The typical usage of this object is to set the coordinate system in which to represent a position
(e.g., SetCoordinateSystemToNormalizedDisplay()), set the value of the coordinate (e.g., SetValue()),
and then invoke the appropriate method to convert to another coordinate system (e.g., GetComputedWorldValue()).

The coordinate systems in vtk are as follows:

DISPLAY - x-y pixel values in window 0, 0 is the lower left of the first pixel, size, size is the upper right of the last pixel

NORMALIZED DISPLAY - x-y (0,1) normalized values 0, 0 is the lower left of the first pixel, 1, 1 is the upper right of the last pixel

VIEWPORT - x-y pixel values in viewport 0, 0 is the lower left of the first pixel, size, size is the upper right of the last pixel

NORMALIZED VIEWPORT - x-y (0,1) normalized value in viewport 0, 0 is the lower left of the first pixel, 1, 1 is the upper right of the last pixel

VIEW - x-y-z (-1,1) values in pose coordinates. (z is depth)

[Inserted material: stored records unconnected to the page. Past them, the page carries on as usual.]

(* Let $n,k$ be positive integers, $m=kn+1$, and let $\Delta$ be a $\Gamma_{m,n}$-semimodule. Suppose $x\in\Delta$ and $x-\alpha n-1\notin\Delta$ for some $\alpha\in\{0,1,\dots,k\}$. Then $x$ is an $m$-generator of $\Delta$.
   Context: $\Gamma_{m,n}=\{am+bn:a,b\in\mathbb{Z}_{\ge0}\}$ for coprime positive $m,n$. A $\Gamma_{m,n}$-semimodule is a subset $\Delta\subset\mathbb{Z}_{\ge0}$ with $\Delta+\Gamma_{m,n}\subset\Delta$. An $m$-generator of $\Delta$ is an element $a\in\Delta$ with $a-m\notin\Delta$. *)

theory Defs
  imports Main
begin

definition Gamma :: "nat \<Rightarrow> nat \<Rightarrow> int set" where
  "Gamma m n = {int (a * m + b * n) | a b :: nat. True}"

definition semimodule :: "nat \<Rightarrow> nat \<Rightarrow> int set \<Rightarrow> bool" where
  "semimodule m n \<Delta> \<longleftrightarrow> \<Delta> \<subseteq> {z. 0 \<le> z} \<and> (\<forall>d\<in>\<Delta>. \<forall>g\<in>Gamma m n. d + g \<in> \<Delta>)"

definition m_generator :: "nat \<Rightarrow> int set \<Rightarrow> int \<Rightarrow> bool" where
  "m_generator m \<Delta> a \<longleftrightarrow> a \<in> \<Delta> \<and> a - int m \<notin> \<Delta>"

end

theory Submission
  imports Defs
begin

lemma semimodule_add_multiple_n:
  assumes "semimodule m n \<Delta>" and "d \<in> \<Delta>"
  shows "d + int (c * n) \<in> \<Delta>"
proof -
  have "int (0 * m + c * n) \<in> Gamma m n"
    unfolding Gamma_def by blast
  then show ?thesis
    using assms unfolding semimodule_def by force
qed

lemma semimodule_sub_m_imp_sub_multiple_n:
  assumes "semimodule m n \<Delta>" and "m = k * n + 1" and "\<alpha> \<le> k"
    and "x - int m \<in> \<Delta>"
  shows "x - int \<alpha> * int n - 1 \<in> \<Delta>"
proof -
  have "x - int m + int ((k - \<alpha>) * n) \<in> \<Delta>"
    by (rule semimodule_add_multiple_n[OF assms(1,4)])
  moreover have "x - int m + int ((k - \<alpha>) * n) = x - int \<alpha> * int n - 1"
    using assms(2,3) by (simp add: of_nat_diff algebra_simps)
  ultimately show ?thesis
    by metis
qed

theorem mainTheorem15:
  fixes n k m :: nat and \<Delta> :: "int set" and x :: int and \<alpha> :: nat
  assumes "0 < n" and "0 < k" and "m = k * n + 1"
    and "semimodule m n \<Delta>"
    and "x \<in> \<Delta>" and "\<alpha> \<le> k" and "x - int \<alpha> * int n - 1 \<notin> \<Delta>"
  shows "m_generator m \<Delta> x"
proof -
  have "x - int m \<notin> \<Delta>"
    using semimodule_sub_m_imp_sub_multiple_n assms(3,4,6,7) by blast
  then show ?thesis
    using assms(5) unfolding m_generator_def by simp
qed

end
lemma gamma_coeff_nonneg: "0 \<le> gamma_coeff m i"
  by (induction m arbitrary: i) simp_all

lemma gamma_coeff_eq_0: "m div 2 < i \<Longrightarrow> gamma_coeff m i = 0"
proof (induction m arbitrary: i)
  case (Suc m)
  have "gamma_coeff m i = 0"
    using Suc.prems by (intro Suc.IH) linarith
  moreover have "int (m + 2 - 2 * i) * gamma_coeff m (i - 1) = 0"
  proof (cases "m div 2 < i - 1")
    case False
    with Suc.prems have "m + 2 - 2 * i = 0" by linarith
    then show ?thesis by simp
  qed (simp add: Suc.IH)
  ultimately show ?case by simp
qed simp

lemma gamma_coeff_Suc_ge: "(2 * int i + 1) * gamma_coeff m i \<le> gamma_coeff (Suc m) i"
  by (simp add: gamma_coeff_nonneg)

lemma B_poly_gamma_expansion: "B_poly n = (\<Sum>i\<le>n. smult (gamma_coeff n i) (gamma_basis n i))"
proof (induction n)
  case 0
  have "signed_perms 0 = {\<lambda>_. 0}"
    by (auto simp: signed_perms_def bij_betw_def)
  then show ?case
    by (simp add: B_poly_def desB_def gamma_basis_def)
next
  case (Suc m)
  let ?up = "\<lambda>i. smult ((2 * int i + 1) * gamma_coeff m i) (gamma_basis (Suc m) i)"
  let ?new = "\<lambda>i. smult (4 * int (m - 2 * i) * gamma_coeff m i) (gamma_basis (Suc m) (Suc i))"
  have "smult (gamma_coeff m i) (eulerian_op m (gamma_basis m i)) = ?up i + ?new i" for i
  proof (cases "2 * i \<le> m")
    case True
    then show ?thesis
      by (simp add: eulerian_op_gamma_basis smult_add_right mult.commute)
  next
    case False
    then show ?thesis
      by (simp add: gamma_coeff_eq_0)
  qed
  then have "B_poly (Suc m) = (\<Sum>i\<le>m. ?up i) + (\<Sum>i\<le>m. ?new i)"
    by (simp add: B_poly_Suc Suc.IH eulerian_op_sum eulerian_op_smult sum.distrib)
  also have "(\<Sum>i\<le>m. ?up i) = (\<Sum>i\<le>Suc m. ?up i)"
    by (simp add: gamma_coeff_eq_0)
  also have "(\<Sum>i\<le>m. ?new i) = (\<Sum>i\<le>Suc m.
      smult (if i = 0 then 0 else 4 * int (m + 2 - 2 * i) * gamma_coeff m (i - 1)) (gamma_basis (Suc m) i))"
    by (subst sum.atMost_Suc_shift) simp
  finally show ?case
    by (simp add: sum.distrib[symmetric] smult_add_left[symmetric])
qed

lemma coeff_gamma_basis:
  assumes "i \<le> j"
  shows "coeff (gamma_basis n j) i = (if i = j then 1 else 0)"
proof -
  have "coeff ((1 + polyX) ^ k) 0 = 1" for k
    by (simp add: poly_0_coeff_0[symmetric] polyX_def)
  then show ?thesis
    using assms by (simp add: gamma_basis_def polyX_pow coeff_monom_mult)
qed

lemma gamma_basis_independent:
  assumes "(\<Sum>j<N. smult (c j) (gamma_basis n j)) = 0" and "i < N"
  shows "c i = 0"
  using assms(2)
proof (induction i rule: less_induct)
  case (less i)
  have "c j * coeff (gamma_basis n j) i = (if j = i then c i else 0)" if "j < N" for j
  proof (cases "j < i")
    case True
    then show ?thesis using less.IH[of j] that by simp
  qed (simp add: coeff_gamma_basis)
  then have "coeff (\<Sum>j<N. smult (c j) (gamma_basis n j)) i = c i"
    using less.prems by (simp add: coeff_sum)
  then show ?case
    using assms(1) by simp
qed

lemma gamma_basis_eq: "gamma_basis n i = [:0, 1:] ^ i * [:1, 1:] ^ (n - 2 * i)"
  by (simp add: gamma_basis_def polyX_def one_pCons)

lemma gammaB_eq: "gammaB n = map (gamma_coeff n) [0..<Suc (n div 2)]"
proof -
  let ?g = "map (gamma_coeff n) [0..<Suc (n div 2)]"
  let ?P = "\<lambda>g. length g = n div 2 + 1 \<and> B_poly n = (\<Sum>i<length g. smult (g ! i) (gamma_basis n i))"
  have "B_poly n = (\<Sum>i<Suc (n div 2). smult (gamma_coeff n i) (gamma_basis n i))"
    unfolding B_poly_gamma_expansion by (rule sum.mono_neutral_right) (auto simp: gamma_coeff_eq_0)
  then have "?P ?g"
    by (simp del: upt_Suc)
  moreover have "g = ?g" if "?P g" for g
  proof -
    have "(\<Sum>i<Suc (n div 2). smult (g ! i - gamma_coeff n i) (gamma_basis n i)) = 0"
      using that \<open>?P ?g\<close> by (simp add: smult_diff_left sum_subtractf del: upt_Suc)
    then have "g ! i = gamma_coeff n i" if "i < Suc (n div 2)" for i
      using gamma_basis_independent that by fastforce
    then show ?thesis
      using that by (intro nth_equalityI) (simp_all del: upt_Suc)
  qed
  ultimately show ?thesis
    unfolding gammaB_def gamma_basis_eq[symmetric] by (rule the_equality)
qed

lemma length_gammaB: "length (gammaB n) = n div 2 + 1"
  by (simp add: gammaB_eq)

lemma nth_gammaB: "i \<le> n div 2 \<Longrightarrow> gammaB n ! i = gamma_coeff n i"
  by (simp add: gammaB_eq nth_map del: upt_Suc)

lemma gammaB_Suc_ge_mult:
  assumes "i \<le> n div 2"
  shows "int (i + 1) * gammaB n ! i \<le> gammaB (Suc n) ! i"
proof -
  have "int (i + 1) * gamma_coeff n i \<le> (2 * int i + 1) * gamma_coeff n i"
    using gamma_coeff_nonneg by (intro mult_right_mono) simp_all
  also have "\<dots> \<le> gamma_coeff (Suc n) i"
    by (rule gamma_coeff_Suc_ge)
  finally show ?thesis
    using assms by (simp add: nth_gammaB)
qed

lemma gammaB_Suc_ge:
  assumes "i \<le> n div 2"
  shows "gammaB n ! i \<le> gammaB (Suc n) ! i"
proof -
  have "1 * gamma_coeff n i \<le> int (i + 1) * gamma_coeff n i"
    using gamma_coeff_nonneg by (intro mult_right_mono) simp_all
  then have "gammaB n ! i \<le> int (i + 1) * gammaB n ! i"
    using assms by (simp add: nth_gammaB)
  also have "\<dots> \<le> gammaB (Suc n) ! i"
    using assms by (rule gammaB_Suc_ge_mult)
  finally show ?thesis .
qed

section \<open>Transfer of goodness\<close>

lemma good_a_mono:
  assumes "good_a m f g" and "length f' = m + 1" and "\<And>i. i \<le> m \<Longrightarrow> f ! i \<le> f' ! i"
  shows "good_a m f' g"
  using assms unfolding good_a_def by (meson order_trans)

lemma good_a_imp_good_b_Suc:
  assumes "good_a m f g" and "length f' = m + 2"
    and "\<And>i. i \<le> m \<Longrightarrow> int (i + 1) * f ! i \<le> f' ! i"
  shows "good_b (Suc m) f' g"
proof -
  obtain hs where hs: "\<forall>h\<in>set hs. length h = m + 1 \<and> FFK m h \<and> (\<forall>i\<le>m. int (h ! i) \<le> f ! i)"
    and g: "length g = m + 1" "g ! m \<noteq> 0" "\<forall>i\<le>m. g ! i = (\<Sum>h\<leftarrow>hs. int (h ! i))"
    using assms(1) unfolding good_a_def by blast
  have "int (i + 1) * int (h ! i) \<le> f' ! i" if "h \<in> set hs" "i \<le> m" for h i
  proof -
    have "int (h ! i) \<le> f ! i"
      using hs that by blast
    then have "int (i + 1) * int (h ! i) \<le> int (i + 1) * f ! i"
      by (rule mult_left_mono) simp
    also have "\<dots> \<le> f' ! i"
      using assms(3) that(2) .
    finally show ?thesis .
  qed
  then show ?thesis
    unfolding good_b_def using hs g assms(2) by (auto simp: less_Suc_eq_le)
qed

theorem lemma2p5:
  fixes d n :: nat and g :: "int list"
  assumes "d \<ge> 1" and "n = 2 * d + 1"
  shows "(good d (gammaB (n - 2)) g \<longrightarrow> good d (gammaB (n - 1)) g) \<and>
         (good (d + 1) (gammaB (n - 1)) g \<longrightarrow> good (d + 1) (gammaB n) g)"
proof -
  obtain k where d: "d = Suc k"
    using assms(1) by (cases d) auto
  define m where "m = 2 * k + 1"
  have n: "n - 2 = m" "n - 1 = Suc m" "n = Suc (Suc m)" and half: "m div 2 = k" "Suc m div 2 = d"
    using assms(2) d by (auto simp: m_def)
  have len: "length (gammaB m) = d" "length (gammaB (Suc m)) = d + 1" "length (gammaB (Suc (Suc m))) = d + 1"
    using d by (simp_all add: length_gammaB m_def)
  have "good_b d (gammaB (Suc m)) g" if "good_a k (gammaB m) g"
    unfolding d using len half
    by (intro good_a_imp_good_b_Suc[OF that] gammaB_Suc_ge_mult) (simp_all add: d)
  moreover have "good_a d (gammaB (Suc (Suc m))) g" if "good_a d (gammaB (Suc m)) g"
    using len half by (intro good_a_mono[OF that] gammaB_Suc_ge) simp_all
  moreover have "d - 1 = k"
    using d by simp
  ultimately show ?thesis
    using len by (simp add: good_def n)
qed

end
(* Let $\phi=\tilde p/p$ be an irreducible rational inner function on $\mathbb{D}^3$ of degree $(m,n,1)$ with $p(z)=p_1(z_1,z_2)+z_3p_2(z_1,z_2)$, $\tilde p(z)=z_3\tilde p_1(z_1,z_2)+\tilde p_2(z_1,z_2)$, and for $\lambda\in\mathbb{T}$ let $q_\lambda=\lambda p_1-\tilde p_2$. Let $(\tau_1,\tau_2)\in\mathbb{T}^2$. Then: (A) if $(\tau_1,\tau_2,\tau_3)\in\mathcal{Z}_p$ for exactly one $\tau_3\in\mathbb{T}$, then for $\lambda\in\mathbb{T}$, $\phi^*(\tau)=\lambda$ if and only if $q_\lambda(\tau_1,\tau_2)=0$ (here $\tau=(\tau_1,\tau_2,\tau_3')$ with any $\tau_3'\in\mathbb{T}$); (B) if $\{(\tau_1,\tau_2)\}\times\mathbb{T}\subseteq\mathcal{Z}_p$, then $q_\lambda(\tau_1,\tau_2)=0$ for every $\lambda\in\mathbb{T}$.
   Context: A rational inner function (RIF) on $\mathbb{D}^3$ is a rational function holomorphic on the tridisk with unimodular radial limits a.e. on $\mathbb{T}^3$; it is written $\phi=\tilde p/p$ with $p$ zero-free on $\mathbb{D}^3$, $p,\tilde p$ without common factors. For degree $(m,n,1)$, $\tilde p(z)=z_1^mz_2^nz_3\overline{p(1/\bar z_1,1/\bar z_2,1/\bar z_3)}$ and $\tilde p_j(z_1,z_2)=z_1^mz_2^n\overline{p_j(1/\bar z_1,1/\bar z_2)}$. $\phi^*(\tau)$ denotes the nontangential limit of $\phi$ at $\tau\in\mathbb{T}^3$ (limit as $z\to\tau$ in $\mathbb{D}^3$ with $\|z-\tau\|\le C(1-\|z\|)$), which exists for every RIF at every point of $\mathbb{T}^3$; under the hypothesis of (A) it does not depend on the third coordinate of $\tau$. $\mathcal{Z}_p$ is the zero set of $p$. *)

theory Defs
  imports "HOL-Analysis.Analysis"
begin

type_synonym coeffs3 = "nat \<Rightarrow> nat \<Rightarrow> nat \<Rightarrow> complex"
type_synonym pt3 = "complex \<times> complex \<times> complex"

definition peval3 :: "nat \<Rightarrow> nat \<Rightarrow> nat \<Rightarrow> coeffs3 \<Rightarrow> pt3 \<Rightarrow> complex" where
  "peval3 m n k c z = (case z of (z1, z2, z3) \<Rightarrow>
     (\<Sum>i\<le>m. \<Sum>j\<le>n. \<Sum>l\<le>k. c i j l * z1 ^ i * z2 ^ j * z3 ^ l))"

definition peval2 :: "nat \<Rightarrow> nat \<Rightarrow> (nat \<Rightarrow> nat \<Rightarrow> complex) \<Rightarrow> complex \<Rightarrow> complex \<Rightarrow> complex" where
  "peval2 m n c z1 z2 = (\<Sum>i\<le>m. \<Sum>j\<le>n. c i j * z1 ^ i * z2 ^ j)"

text \<open>Polynomial functions on C^3 (equality of polynomial functions = equality of polynomials).\<close>
definition is_poly3 :: "(pt3 \<Rightarrow> complex) \<Rightarrow> bool" where
  "is_poly3 f \<longleftrightarrow> (\<exists>N c. f = peval3 N N N c)"

definition poly3_const :: "(pt3 \<Rightarrow> complex) \<Rightarrow> bool" where
  "poly3_const f \<longleftrightarrow> (\<exists>a. \<forall>z. f z = a)"

definition poly3_irreducible :: "(pt3 \<Rightarrow> complex) \<Rightarrow> bool" where
  "poly3_irreducible p \<longleftrightarrow> is_poly3 p \<and> \<not> poly3_const p \<and>
     (\<forall>f g. is_poly3 f \<and> is_poly3 g \<and> p = (\<lambda>z. f z * g z) \<longrightarrow> poly3_const f \<or> poly3_const g)"

definition poly3_no_common_factor :: "(pt3 \<Rightarrow> complex) \<Rightarrow> (pt3 \<Rightarrow> complex) \<Rightarrow> bool" where
  "poly3_no_common_factor p q \<longleftrightarrow>
     \<not> (\<exists>h f g. is_poly3 h \<and> \<not> poly3_const h \<and> is_poly3 f \<and> is_poly3 g \<and>
            p = (\<lambda>z. h z * f z) \<and> q = (\<lambda>z. h z * g z))"

definition exact_degree3 :: "nat \<Rightarrow> nat \<Rightarrow> nat \<Rightarrow> coeffs3 \<Rightarrow> bool" where
  "exact_degree3 m n k c \<longleftrightarrow>
     (\<exists>j\<le>n. \<exists>l\<le>k. c m j l \<noteq> 0) \<and> (\<exists>i\<le>m. \<exists>l\<le>k. c i n l \<noteq> 0) \<and>
     (\<exists>i\<le>m. \<exists>j\<le>n. c i j k \<noteq> 0)"

text \<open>Reflection: coefficients of z^(m,n,k) * conj(p(1/conj z)).\<close>
definition refl3 :: "nat \<Rightarrow> nat \<Rightarrow> nat \<Rightarrow> coeffs3 \<Rightarrow> coeffs3" where
  "refl3 m n k c = (\<lambda>i j l. cnj (c (m - i) (n - j) (k - l)))"

definition tridisk :: "pt3 set" where
  "tridisk = {(z1, z2, z3). cmod z1 < 1 \<and> cmod z2 < 1 \<and> cmod z3 < 1}"

definition maxnorm3 :: "pt3 \<Rightarrow> real" where
  "maxnorm3 z = (case z of (a, b, c) \<Rightarrow> max (cmod a) (max (cmod b) (cmod c)))"

definition nt_region :: "pt3 \<Rightarrow> real \<Rightarrow> pt3 set" where
  "nt_region \<tau> C = {z \<in> tridisk. maxnorm3 (z - \<tau>) \<le> C * (1 - maxnorm3 z)}"

definition has_nt_limit :: "(pt3 \<Rightarrow> complex) \<Rightarrow> pt3 \<Rightarrow> complex \<Rightarrow> bool" where
  "has_nt_limit f \<tau> L \<longleftrightarrow> (\<forall>C>0. (f \<longlongrightarrow> L) (at \<tau> within nt_region \<tau> C))"

end

theory Submission
  imports Defs
begin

POSE - world coords translated and rotated to the camera position and view direction

WORLD - x-y-z global coordinate values

USERDEFINED - x-y-z in User defined space

If you cascade vtkCoordinate objects, you refer to another vtkCoordinate object which in turn can refer to others, and so on.
This allows you to create composite groups of things like vtkActor2D that are positioned relative to one another.
Note that in cascaded sequences, each vtkCoordinate object may be specified in different coordinate systems!

See Also

vtkActor2D

Methods

extend

Method use to decorate a given object (publicAPI+model) with vtkCoordinate characteristics.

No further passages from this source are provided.